The horror 'King' visits Manchester


MANCHESTER -- The master storyteller did not disappoint. Stephen King, now 62, author of more than 50 books, held a sold-out audience of approximately 800 people at the Manchester Elementary Middle School gym enthralled Wednesday night, first with a reading from a chapter in his latest book, "Under the Dome," and then with a follow up question-and-answer session.

King was introduced at the event, which was sponsored by the Northshire Bookstore, by fellow writer and Dorset resident John Irving.

After taking the opportunity to respond to critics and book reviewers who have critiqued both his work and King's for excessive length, Irving described King as one of the best storytellers around today and someone "who has been appalling us for years" -- in an enjoyable, entertaining and thought provoking way, he said.

What frightens people the most about King's work is not the creepy, strange and bizarre characters that populate his novels, but rather, "the wondrous display of human error," he said.

"It's what is human about the devil which makes that character so terrifying," Irving said. "The real horror comes from regular people."

King then took the stage to an enthusiastic ovation and began by urging the audience to go out and support local independent bookstores, like the Northshire, noting that a price war between Wal-Mart and Amazon Books had driven down the price of his book to $9 -- a level at which smaller bookstores could not hope to compete.

Then, before stating his reading, he gave the audience a bit of background about the long and winding road the tale took before falling into place. It may have been worth the wait -- "Under the Dome" made it's debut on the New York Times best seller list last week at Number 1.

He first started the book in 1976 and wrote about 75 pages before stopping. He picked up the thread of the tale again a few years later, but the idea veered off in another direction and turned into a different book, he said.


"And then, for a long time, it just left my mind," he said. "But good ideas stay, and this one came back to my mind during a long plane ride to Australia." By the time he arrived there, he had the book more or less fully plotted out, he said.

"Under the Dome" is the saga of a small town in Maine named Chester's Mills, whose residents woke up one day to discover that an enormous transparent dome has descended over the town, setting the stage for the novel's principle bad guy, the town's second selectman and police chief named "Big Jim" Rennie, to begin a takeover of the town's government. To expand his power and the size of the police force, Rennie provokes a riot at a local supermarket in town. It was this scene, concluding with a frenzied crush as the beer coolers were broken into, that King read for about 30 minutes to an audience which seemed to be paying rapt and close attention.

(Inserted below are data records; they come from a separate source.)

lemma (in ideal) quotient_right_division_ring:
  assumes one: "\<one> \<notin> I"
    and inv: "\<And>x. x \<in> carrier R \<Longrightarrow> x \<notin> I \<Longrightarrow> \<exists>y\<in>carrier R. x \<otimes> y \<ominus> \<one> \<in> I"
  shows "right_division_ring (R Quot I)"
proof -
  have "I \<noteq> I +> \<one>" using a_rcos_self[of \<one>] one by auto
  moreover have "\<exists>Y\<in>carrier (R Quot I). X \<otimes>\<^bsub>R Quot I\<^esub> Y = \<one>\<^bsub>R Quot I\<^esub>"
    if X: "X \<in> carrier (R Quot I)" "X \<noteq> \<zero>\<^bsub>R Quot I\<^esub>" for X
  proof -
    from X obtain x where x: "x \<in> carrier R" "X = I +> x"
      by (auto simp: FactRing_def A_RCOSETS_def')
    have "x \<notin> I" using X x a_rcos_const by (auto simp: FactRing_def)
    then obtain y where y: "y \<in> carrier R" "x \<otimes> y \<ominus> \<one> \<in> I" using inv x by blast
    have "x \<otimes> y \<in> I +> \<one>"
      using a_rcos_module_minus[OF ring_axioms, of \<one> "x \<otimes> y"] y x by auto
    then have "I +> \<one> = I +> (x \<otimes> y)" using a_repr_independence' by auto
    moreover have "X \<otimes>\<^bsub>R Quot I\<^esub> (I +> y) = I +> (x \<otimes> y)"
      using rcoset_mult_add[OF x(1) y(1)] x by (simp add: FactRing_def)
    moreover have "I +> y \<in> carrier (R Quot I)" using y by (auto simp: FactRing_def A_RCOSETS_def')
    ultimately show ?thesis by (auto simp: FactRing_def)
  qed
  ultimately show ?thesis using quotient_is_ring
    unfolding right_division_ring_def by (auto simp: FactRing_def)
qed

section \<open>Finite-rank maps and coordinates\<close>

context vector_space
begin

abbreviation lin :: "('b \<Rightarrow> 'b) \<Rightarrow> bool" where
  "lin f \<equiv> Vector_Spaces.linear scale scale f"

lemma lin_iff: "lin f \<longleftrightarrow> (\<forall>x y. f (x + y) = f x + f y) \<and> (\<forall>c x. f (c *s x) = c *s f x)"
  using Vector_Spaces.linear_iff[of scale scale f] vector_space_axioms by auto

lemma lin_add: "lin f \<Longrightarrow> lin g \<Longrightarrow> lin (\<lambda>x. f x + g x)"
  unfolding lin_iff by (simp add: scale_right_distrib)

lemma lin_comp: "lin f \<Longrightarrow> lin g \<Longrightarrow> lin (\<lambda>x. f (g x))"
  unfolding lin_iff by simp

lemma lin_zero: "lin f \<Longrightarrow> f 0 = 0"
  unfolding lin_iff by (metis add_cancel_right_right)

lemma lin_scalar: "lin (\<lambda>x. c *s x)"
  unfolding lin_iff by (simp add: scale_right_distrib)

abbreviation fin_rank :: "('b \<Rightarrow> 'b) \<Rightarrow> bool" where
  "fin_rank f \<equiv> finite_rank scale f"

lemma fin_rank_add: "fin_rank f \<Longrightarrow> fin_rank g \<Longrightarrow> fin_rank (\<lambda>x. f x + g x)"
  unfolding finite_rank_def
proof (elim exE conjE)
  fix B1 B2 assume "finite B1" "range f \<subseteq> span B1" "finite B2" "range g \<subseteq> span B2"
  then show "\<exists>B. finite B \<and> range (\<lambda>x. f x + g x) \<subseteq> span B"
    using span_mono[of B1 "B1 \<union> B2"] span_mono[of B2 "B1 \<union> B2"]
    by (intro exI[of _ "B1 \<union> B2"]) (auto intro!: span_add)
qed

lemma fin_rank_comp_left: "lin l \<Longrightarrow> fin_rank f \<Longrightarrow> fin_rank (\<lambda>x. l (f x))"
  unfolding finite_rank_def
proof (elim exE conjE)
  fix B assume l: "lin l" and "finite B" "range f \<subseteq> span B"
  then have "range (\<lambda>x. l (f x)) \<subseteq> span (l ` B)"
    using module_hom.span_image[of scale scale l B] module_hom_iff_linear by blast
  with \<open>finite B\<close> show "\<exists>B. finite B \<and> range (\<lambda>x. l (f x)) \<subseteq> span B" by blast
qed

lemma fin_rank_comp_right: "fin_rank f \<Longrightarrow> fin_rank (\<lambda>x. f (g x))"
  unfolding finite_rank_def by auto

definition basis :: "'b set" where
  "basis = (SOME B. independent B \<and> span B = UNIV)"

lemma basis: "independent basis" "span basis = UNIV"
proof -
  obtain B where "independent B" "UNIV \<subseteq> span B" using basis_exists[of UNIV] by metis
  then have "\<exists>B. independent B \<and> span B = UNIV" by auto
  from someI_ex[OF this] show "independent basis" "span basis = UNIV"
    unfolding basis_def by auto
qed

definition coord :: "'b \<Rightarrow> 'b \<Rightarrow> 'a" where
  "coord x b = representation basis x b"

lemma coord_add: "coord (x + y) b = coord x b + coord y b"
  unfolding coord_def using representation_add[OF basis(1)] basis(2) by auto

lemma coord_scale: "coord (c *s x) b = c * coord x b"
  unfolding coord_def using representation_scale[OF basis(1)] basis(2) by auto

lemma coord_diff: "coord (x - y) b = coord x b - coord y b"
  unfolding coord_def using representation_diff[OF basis(1)] basis(2) by auto

lemma coord_zero: "coord 0 b = 0"
  unfolding coord_def using representation_zero by auto

lemma coord_basis: "b' \<in> basis \<Longrightarrow> coord b' b = (if b = b' then 1 else 0)"
  unfolding coord_def using representation_basis[OF basis(1)] by auto

lemma coord_support_finite: "finite {b. coord x b \<noteq> 0}"
  unfolding coord_def by (rule finite_representation)

lemma coord_sum:
  assumes "finite F" "{b. coord x b \<noteq> 0} \<subseteq> F"
  shows "(\<Sum>b\<in>F. coord x b *s b) = x"
proof -
  have "(\<Sum>b\<in>F. coord x b *s b) = (\<Sum>b | coord x b \<noteq> 0. coord x b *s b)"
    by (rule sum.mono_neutral_cong_right) (use assms in auto)
  also have "\<dots> = x" unfolding coord_def
    using sum_nonzero_representation_eq[OF basis(1)] basis(2) by auto
  finally show ?thesis .
qed

lemma coord_eq_zero: "(\<And>b. coord x b = 0) \<Longrightarrow> x = 0"
  using coord_sum[of "{}" x] by auto

lemma basis_nonzero: "b \<in> basis \<Longrightarrow> b \<noteq> 0"
  using basis(1) dependent_zero by blast

lemma coord_support_span:
  assumes "v \<in> span C" "coord v b \<noteq> 0"
  shows "\<exists>c\<in>C. coord c b \<noteq> 0"
proof -
  have "\<forall>b. coord v b \<noteq> 0 \<longrightarrow> (\<exists>c\<in>C. coord c b \<noteq> 0)"
    using assms(1)
  proof (induct rule: span_induct_alt)
    case base then show ?case by (simp add: coord_zero)
  next
    case (step c x y) then show ?case by (auto simp: coord_add coord_scale)
  qed
  with assms(2) show ?thesis by blast
qed

lemma fin_rank_coord_support:
  assumes "fin_rank s"
  obtains F where "finite F" "\<And>x. {b. coord (s x) b \<noteq> 0} \<subseteq> F"
proof -
  from assms obtain C where C: "finite C" "range s \<subseteq> span C"
    by (auto simp: finite_rank_def)
  let ?F = "\<Union>c\<in>C. {b. coord c b \<noteq> 0}"
  have "finite ?F" using C(1) coord_support_finite by auto
  moreover have "{b. coord (s x) b \<noteq> 0} \<subseteq> ?F" for x
    using C(2) coord_support_span[of "s x" C] by blast
  ultimately show ?thesis using that by blast
qed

King was last in Manchester four years ago when he appeared at a fund-raising event with John Irving at Maple street School in Manchester. His speaking appearances are relatively rare, and his audience came from some distances -- Ohio and North Carolina in two instances -- to hear his presentation, which was often animated and energetic, with arm and hand gestures punctuating his talk.

Afterward, King took questions from the audience. One questioner asked how he felt when he went back and re-read earlier books he had written. He said he sees some areas where a story went well, others when he could have done better. King said he always liked "The Shawshank Redemption," presumably referring to the novella he published in 1982 called "Rita Hayworth and the Shawshank Redemption," which was the basis for a movie released in 1994.

"(Sometimes) I go back and get a sense of despair," he said. "I start off each project hoping it will go well. Usually, I'm like a shark, I have to keep moving and eating, but I certainly have books that I like."

Another questioner asked what was his first inspiration to start writing. He replied that, while a child he had been sick for a long time, about a year, and to entertain himself he started copying stories from comic books. His mother encouraged him to write something original, and one thing led to another, he said.

The subject of book length, which Irving touched on during his introduction of King, came up again during the questioning, At nearly 1,100 pages, "Under the Dome" is not an unusual length for one of his stories, and King recounted a discussion with a former editor from an earlier book who told him he needed to trim 400 pages from the manuscript he had submitted. Nothing was wrong with the writing, the editor said -- it was just too long.

"When you write a long book, every review at some point says this -- ‘(It) could have used a good editor! -- this is self-indulgent,'" King said. "What do you want? You want TV? Go watch TV."